> WHAT NEEDS TO BE DONE: Please give back, word for word, each line from the start of the entries through the one in which "c, d) = - cos" is found.

> DATA SUPPLIED:
lemma oriented_splitting_omegaA: "oriented_splitting omegaA"
proof -
  let ?M = "vector [vector [1, 0, 0], vector [0, 1, 0], vector [0, 0, -2]] :: real^3^3"
  have "once_line ?M = neg_space ?M"
    by (rule once_line_eq_neg_space[where u = "vector [1, 0, 0]" and w = "vector [0, 1, 0]"
          and k = 2 and a = 1 and b = 1]) (simp_all add: matrix3_mult_vector vec3_eq_iff)
  moreover have "vector [0, 0, 1] \<in> neg_space ?M"
    unfolding neg_space_def
    by (rule span_base) (simp add: matrix3_mult_vector vec3_eq_iff exI[of _ "-2"])
  ultimately show ?thesis
    unfolding oriented_splitting_def Lmat_omegaA
    by (intro exI[of _ "\<lambda>_. vector [0, 0, 1]"]) (simp add: vec3_eq_iff)
qed

subsection \<open>The form \<open>\<omega>\<^sub>B\<close>\<close>

definition uB :: "real \<Rightarrow> pt \<Rightarrow> real" where
  "uB R p = (x1 p * cos (th p) + x2 p * sin (th p)) * exp (x3 p) - R * x1 p"

definition vB :: "pt \<Rightarrow> real" where
  "vB p = (x1 p * sin (th p) - x2 p * cos (th p)) * exp (x3 p)"

definition LB :: "real \<Rightarrow> real \<Rightarrow> real^3^3" where
  "LB R t = vector [vector [cos t - R, sin t, 0], vector [sin t, - cos t, 0], vector [0, 0, R]]"

lemma omegaB_alpha_comb: "omegaB R = alpha_comb (uB R) vB (\<lambda>p. R * x3 p)"
  by (auto simp: fun_eq_iff omegaB_def alpha_comb_def fadd_def fmul_def uB_def vB_def algebra_simps)

lemma pd_uB:
  "pd 0 (uB R) (a, b, c, d) = (c * cos a - b * sin a) * exp d"
  "pd 1 (uB R) (a, b, c, d) = cos a * exp d - R"
  "pd 2 (uB R) (a, b, c, d) = sin a * exp d"
  "pd 3 (uB R) (a, b, c, d) = (b * cos a + c * sin a) * exp d"
  unfolding pd_tuple uB_def
  by (rule DERIV_imp_deriv; auto intro!: derivative_eq_intros simp: algebra_simps)+

lemma pd_vB:
  "pd 0 vB (a, b, c, d) = (b * cos a + c * sin a) * exp d"
  "pd 1 vB (a, b, c, d) = sin a * exp d"
  "pd 2 vB (a, b, c, d) = - cos a * exp d"
  "pd 3 vB (a, b, c, d) = (b * sin a - c * cos a) * exp d"
  unfolding pd_tuple vB_def
  by (rule DERIV_imp_deriv; auto intro!: derivative_eq_intros simp: algebra_simps)+

lemma differentiable_uB: "uB R differentiable at p"
  and differentiable_vB: "vB differentiable at p"
  using DERIV_sin DERIV_cos DERIV_exp
  unfolding uB_def vB_def
  by (intro differentiable_diff differentiable_add differentiable_mult differentiable_const
        differentiable_coord differentiable_coord_comp; blast)+

lemma sd_harmonic_omegaB: "sd_harmonic (omegaB R)"
  unfolding omegaB_alpha_comb
proof (rule sd_harmonic_alpha_comb)
  show "theta_periodic (uB R)" "theta_periodic vB" "theta_periodic (\<lambda>p. R * x3 p)"
    by (simp_all add: theta_periodic_def uB_def vB_def)
  show "uB R differentiable at p \<and> vB differentiable at p \<and> (\<lambda>p. R * x3 p) differentiable at p" for p
    by (simp add: differentiable_uB differentiable_vB differentiable_coord)
  have "pd 1 (uB R) p + pd 2 vB p + pd 3 (\<lambda>p. R * x3 p) p = 0
      \<and> pd 0 (uB R) p = pd 2 (\<lambda>p. R * x3 p) p - pd 3 vB p
      \<and> pd 0 vB p = pd 3 (uB R) p - pd 1 (\<lambda>p. R * x3 p) p
      \<and> pd 0 (\<lambda>p. R * x3 p) p = pd 1 vB p - pd 2 (uB R) p" for p
    by (cases p) (simp add: pd_uB[unfolded One_nat_def] pd_vB[unfolded One_nat_def] pd_linear algebra_simps)
  then show "closed_on S1D3 (alpha_comb (uB R) vB (\<lambda>p. R * x3 p))"
    by (simp add: closed_on_alpha_comb_iff differentiable_vB)
qed

lemma Lmat_omegaB: "Lmat (omegaB R) t = LB R t"
  by (simp add: omegaB_alpha_comb Lmat_alpha_comb LB_def pd_uB[unfolded One_nat_def]
      pd_vB[unfolded One_nat_def] pd_linear)

lemma sin_mult_sin: "sin t * sin t = 1 - cos t * cos t" for t :: real
  using sin_squared_eq[of t] by (simp add: power2_eq_square)

lemma LB_eigen_iff:
  "LB R t *v v = l *\<^sub>R v \<longleftrightarrow>
     (cos t - R) * v$1 + sin t * v$2 = l * v$1 \<and> sin t * v$1 - cos t * v$2 = l * v$2 \<and> R * v$3 = l * v$3"
  by (simp add: LB_def matrix3_mult_vector vec3_eq_iff)

lemma LB_eigen_plane:
  assumes "LB R t *v v = l *\<^sub>R v" "v \<noteq> 0" "l \<noteq> R"
  shows "v $ 3 = 0" "l\<^sup>2 + R * l + R * cos t = 1"
proof -
  define c s where "c = cos t" and "s = sin t"
  obtain e1: "(c - R - l) * v$1 + s * v$2 = 0" and e2: "s * v$1 - (c + l) * v$2 = 0"
    and e3: "(R - l) * v$3 = 0"
    using assms(1) unfolding LB_eigen_iff c_def s_def by (simp add: algebra_simps)
  then show v3: "v $ 3 = 0"
    using assms(3) by simp
  with assms(2) have "v$1 \<noteq> 0 \<or> v$2 \<noteq> 0"
    by (auto simp: vec3_eq_iff)
  define D where "D = l\<^sup>2 + R * l + R * c - (s\<^sup>2 + c\<^sup>2)"
  have "D * v$1 = - ((c + l) * ((c - R - l) * v$1 + s * v$2) + s * (s * v$1 - (c + l) * v$2))"
    "D * v$2 = (c - R - l) * (s * v$1 - (c + l) * v$2) - s * ((c - R - l) * v$1 + s * v$2)"
    unfolding D_def by (simp_all add: algebra_simps power2_eq_square)
  with e1 e2 \<open>v$1 \<noteq> 0 \<or> v$2 \<noteq> 0\<close> have "D = 0"
    by auto
  then show "l\<^sup>2 + R * l + R * cos t = 1"
    by (simp add: D_def c_def s_def)
qed

lemma LB_plane_eigenvector:
  assumes "l\<^sup>2 + R * l + R * cos t = 1"
  shows "\<exists>u. u $ 3 = 0 \<and> u \<noteq> 0 \<and> LB R t *v u = l *\<^sub>R u"
proof (cases "cos t + l = 0 \<and> sin t = 0")
  case True
  then have "l = - cos t" "sin t = 0"
    by auto
  then show ?thesis
    by (intro exI[of _ "vector [0, 1, 0]"]) (simp add: LB_def matrix3_mult_vector vec3_eq_iff)
next
  case False
  have "(cos t - R) * (cos t + l) + sin t * sin t = l * (cos t + l)"
    using assms by (simp add: sin_mult_sin algebra_simps power2_eq_square)
  with False show ?thesis
    by (intro exI[of _ "vector [cos t + l, sin t, 0]"])
      (auto simp: LB_def matrix3_mult_vector vec3_eq_iff algebra_simps)
qed

context
  fixes R :: real
  assumes R: "0 < R" "R < 1"
begin
theorem mainTheorem6:
  fixes g :: "real \<Rightarrow> real" and \<alpha> :: real
  assumes g_meas: "g \<in> borel_measurable borel"
    and g_nonneg: "\<And>x. 0 \<le> g x"
    and g_int: "(\<integral>\<^sup>+ x. ennreal (g x) \<partial>lborel) = 1"
    and g_symm: "\<And>z. g (- z) = g z"
    and g_unimodal: "antimono_on {0..} g"
    and g_logconcave: "concave_on {x. 0 < g x} (\<lambda>x. ln (g x))"
    and alpha: "0 < \<alpha>" "\<alpha> < 1"
  defines "d2 \<equiv> quantG g (1 - \<alpha>\<^sup>2 / (1 + \<alpha>)) - d0 g \<alpha>"
  shows "(SUP \<theta>\<in>{0..}. coverage g \<alpha> \<theta>) \<ge> coverage g \<alpha> d2
       \<and> coverage g \<alpha> d2 \<ge> cdfG g (x1 g \<alpha> d2) - \<alpha>\<^sup>2 / (1 + \<alpha>)"
proof -
  interpret hpd_setting g \<alpha> by unfold_locales (fact+)
  have d2: "d2 = d2_hpd" by (simp add: d2_def d2_hpd_def tail_level_def)
  have bdd: "bdd_above (coverage g \<alpha> ` {0..})"
    using coverage_le_1 by (auto simp: bdd_above_def)
  have sup: "coverage g \<alpha> d2_hpd \<le> (SUP \<theta>\<in>{0..}. coverage g \<alpha> \<theta>)"
    using d2_nonneg bdd by (intro cSUP_upper) auto
  have low: "G (x1 g \<alpha> d2_hpd) - tail_level \<le> coverage g \<alpha> d2_hpd"
    using coverage_lower_bound[OF d2_nonneg, of "- D0"] uHPD_ge_d2 G_lower_endpoint by simp
  show ?thesis using sup low unfolding d2 tail_level_def by simp
qed

end
lemma proj_perp_vanishing_imp_parallel:
  assumes "n \<ge> 1" "\<forall>j\<in>{1..n}. \<alpha> j \<in> {-1, 1}"
    and zero: "\<forall>j\<in>{1..n-1}. proj_perp \<alpha> n y j = 0"
  shows "\<exists>b. \<forall>j\<in>{1..n}. y j = b * of_int (\<alpha> j)"
proof -
  define b where "b = (\<Sum>k=1..n. of_int (\<alpha> k) * y k) / real n"
  have sq: "of_int (\<alpha> j) * of_int (\<alpha> j) = (1 :: real)" if "j \<in> {1..n}" for j
  proof -
    have "\<alpha> j = -1 \<or> \<alpha> j = 1" using assms(2) that by auto
    then show ?thesis by auto
  qed
  have "(\<Sum>j=1..n. of_int (\<alpha> j) * proj_perp \<alpha> n y j)
      = (\<Sum>j=1..n. of_int (\<alpha> j) * y j - b * (of_int (\<alpha> j) * of_int (\<alpha> j)))"
    unfolding proj_perp_def b_def[symmetric] by (simp add: algebra_simps)
  also have "\<dots> = (\<Sum>j=1..n. of_int (\<alpha> j) * y j) - b * (\<Sum>j=1..n. of_int (\<alpha> j) * of_int (\<alpha> j))"
    by (simp add: sum_subtractf sum_distrib_left)
  also have "\<dots> = 0" using sq assms(1) by (simp add: b_def)
  finally have "(\<Sum>j=1..n. of_int (\<alpha> j) * proj_perp \<alpha> n y j) = 0" .
  moreover have "(\<Sum>j\<in>{1..n} - {n}. of_int (\<alpha> j) * proj_perp \<alpha> n y j) = 0"
    using zero by (intro sum.neutral) auto
  ultimately have "of_int (\<alpha> n) * proj_perp \<alpha> n y n = 0"
    using sum.remove[of "{1..n}" n "\<lambda>j. of_int (\<alpha> j) * proj_perp \<alpha> n y j"] assms(1)
    by (simp del: mult_eq_0_iff)
  then have "proj_perp \<alpha> n y n = 0" using sq[of n] assms(1) by auto
  then have "proj_perp \<alpha> n y j = 0" if "j \<in> {1..n}" for j
    using zero that by (cases "j = n") auto
  then show ?thesis unfolding proj_perp_def b_def[symmetric] by auto
qed

lemma simplicial_complex_face:
  "simplicial_complex K \<Longrightarrow> \<sigma> \<in> K \<Longrightarrow> \<tau> \<subseteq> \<sigma> \<Longrightarrow> \<tau> \<noteq> {} \<Longrightarrow> \<tau> \<in> K"
  unfolding simplicial_complex_def by blast
lemma phi_stab_mult:
  assumes a: "a \<in> Q" and st: "s \<in> S" "t \<in> S"
  shows "phi S mult (stab a) (mult s t) = phi S mult (stab a) s O phi S mult (stab a) t"
proof -
  have "inj_on (transporter a) (Range (Phi s) \<union> Domain (Phi t))"
    by (rule inj_on_subset[OF inj_on_transporter[OF a]]) (use Phi_subset st in blast)
  then show ?thesis
    by (simp add: phi_stab[OF a] st mult_closed Phi_mult image_map_prod_relcomp)
qed

lemma rep_equiv_stab:
  assumes a: "a \<in> Q" and b: "b \<in> Q" shows "rep_equiv S mult (stab a) (stab b)"
proof -
  let ?g = "rank_one a b"
  have g: "?g \<in> S" "Phi ?g = {(a, b)}" "sinv S mult ?g \<in> S" "Phi (sinv S mult ?g) = {(b, a)}"
    using rank_one[OF a b] by (auto simp: sinv_closed Phi_sinv)
  have "(\<lambda>h. mult (mult (sinv S mult ?g) h) ?g) ` stab a \<subseteq> stab b"
    using g by (auto simp: transporter_def Phi_mult mult_closed relcomp_unfold)
  moreover have "(\<lambda>k. mult (mult ?g k) (sinv S mult ?g)) ` stab b \<subseteq> stab a"
    using g by (auto simp: transporter_def Phi_mult mult_closed relcomp_unfold)
  ultimately show ?thesis unfolding rep_equiv_def using g by blast
qed

lemma closed_inv_subD:
  assumes "closed_inv_sub S mult K"
  shows "K \<subseteq> S" "\<And>k. k \<in> K \<Longrightarrow> k \<in> S" "K \<noteq> {}"
    "\<And>k l. k \<in> K \<Longrightarrow> l \<in> K \<Longrightarrow> mult k l \<in> K"
    "\<And>k. k \<in> K \<Longrightarrow> sinv S mult k \<in> K"
    "\<And>k t. k \<in> K \<Longrightarrow> t \<in> S \<Longrightarrow> Phi k \<subseteq> Phi t \<Longrightarrow> t \<in> K"
  using assms upc_eq[of K] unfolding closed_inv_sub_def inv_subsemigroup_def by blast+
definition CP :: "nat \<Rightarrow> nat \<Rightarrow> ((int \<times> int \<times> int) \<times> (int \<times> int \<times> int \<times> int)) set \<Rightarrow> (int \<times> int \<times> int) set" where
  "CP p i X = {x \<in> carrier (Pgrp p i). \<forall>s\<in>X. embP x \<otimes>\<^bsub>Ggrp p i\<^esub> s = s \<otimes>\<^bsub>Ggrp p i\<^esub> embP x}"

text \<open>Sanity checks: generators act as in the paper (f1 = (1,0,0), f2 = (0,1,0)).\<close>
lemma Pact_T_f1: "2 \<le> p \<Longrightarrow> Pact p i (1,1,0,1) (1,0,0) = (1,0,0)"
  by (simp add: Pact_def)
lemma Pact_T_f2: "3 \<le> p \<Longrightarrow> Pact p i (1,1,0,1) (0,1,0) = Pmul p i (1,0,0) (0,1,0)"
  by (simp add: Pact_def Pmul_def)
lemma Pact_L_f1: "3 \<le> p \<Longrightarrow> Pact p i (1,0,1,1) (1,0,0) = Pmul p i (1,0,0) (0,1,0)"
  by (simp add: Pact_def Pmul_def)
lemma Pact_L_f2: "2 \<le> p \<Longrightarrow> Pact p i (1,0,1,1) (0,1,0) = (0,1,0)"
  by (simp add: Pact_def)

end

theory Submission
  imports Defs "HOL-Number_Theory.Cong"
begin

(* In the model of Defs, an element (x, h) of G = P \<rtimes> SL(P/Z) with x in P is
   conjugated by x' in P to (x' x h(x')^-1, h): its SL-component is unchanged.  A set
   S = {(\<psi> h, h) | h \<in> H} is the graph of a map \<psi> : H \<rightarrow> P, so x' normalizes S iff conjugation
   fixes every element of S, i.e. iff x' centralizes S.  Both conditions say that x' lies in
   the "\<psi>-twisted centralizer" {x. \<forall>h\<in>H. x \<psi>(h) = \<psi>(h) h(x)}; for the normalizer this needs
   h(x^-1) = h(x)^-1, i.e. that SL(P/Z) acts by automorphisms (lemma Pact_mult, which rests on
   a congruence modulo p using det h = 1 and 1/2 = (p+1)/2).  Reading the twisted commutation
   relation in P/Z, which is abelian, forces h(x) = x modulo Z, and the action fixes every
   element fixed modulo Z; so the \<psi>-twisted centralizer lies in the 1-twisted one, which is
   C_P(H).  Since embSL H is the graph of the constant map 1, the theorem follows. *)

text \<open>Rules that propagate a congruence through sums, differences and products, and strip
  reductions modulo the same modulus; with \<open>intro\<close> they replace reduced coordinates by the
  unreduced polynomial expressions they represent.\<close>
lemmas cong_structural = cong_add cong_diff cong_mult cong_mod_leftI cong_mod_rightI cong_refl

> ANSWER BELOW:
lemma oriented_splitting_omegaA: "oriented_splitting omegaA"
proof -
  let ?M = "vector [vector [1, 0, 0], vector [0, 1, 0], vector [0, 0, -2]] :: real^3^3"
  have "once_line ?M = neg_space ?M"
    by (rule once_line_eq_neg_space[where u = "vector [1, 0, 0]" and w = "vector [0, 1, 0]"
          and k = 2 and a = 1 and b = 1]) (simp_all add: matrix3_mult_vector vec3_eq_iff)
  moreover have "vector [0, 0, 1] \<in> neg_space ?M"
    unfolding neg_space_def
    by (rule span_base) (simp add: matrix3_mult_vector vec3_eq_iff exI[of _ "-2"])
  ultimately show ?thesis
    unfolding oriented_splitting_def Lmat_omegaA
    by (intro exI[of _ "\<lambda>_. vector [0, 0, 1]"]) (simp add: vec3_eq_iff)
qed

subsection \<open>The form \<open>\<omega>\<^sub>B\<close>\<close>

definition uB :: "real \<Rightarrow> pt \<Rightarrow> real" where
  "uB R p = (x1 p * cos (th p) + x2 p * sin (th p)) * exp (x3 p) - R * x1 p"

definition vB :: "pt \<Rightarrow> real" where
  "vB p = (x1 p * sin (th p) - x2 p * cos (th p)) * exp (x3 p)"

definition LB :: "real \<Rightarrow> real \<Rightarrow> real^3^3" where
  "LB R t = vector [vector [cos t - R, sin t, 0], vector [sin t, - cos t, 0], vector [0, 0, R]]"

lemma omegaB_alpha_comb: "omegaB R = alpha_comb (uB R) vB (\<lambda>p. R * x3 p)"
  by (auto simp: fun_eq_iff omegaB_def alpha_comb_def fadd_def fmul_def uB_def vB_def algebra_simps)

lemma pd_uB:
  "pd 0 (uB R) (a, b, c, d) = (c * cos a - b * sin a) * exp d"
  "pd 1 (uB R) (a, b, c, d) = cos a * exp d - R"
  "pd 2 (uB R) (a, b, c, d) = sin a * exp d"
  "pd 3 (uB R) (a, b, c, d) = (b * cos a + c * sin a) * exp d"
  unfolding pd_tuple uB_def
  by (rule DERIV_imp_deriv; auto intro!: derivative_eq_intros simp: algebra_simps)+

lemma pd_vB:
  "pd 0 vB (a, b, c, d) = (b * cos a + c * sin a) * exp d"
  "pd 1 vB (a, b, c, d) = sin a * exp d"
  "pd 2 vB (a, b, c, d) = - cos a * exp d"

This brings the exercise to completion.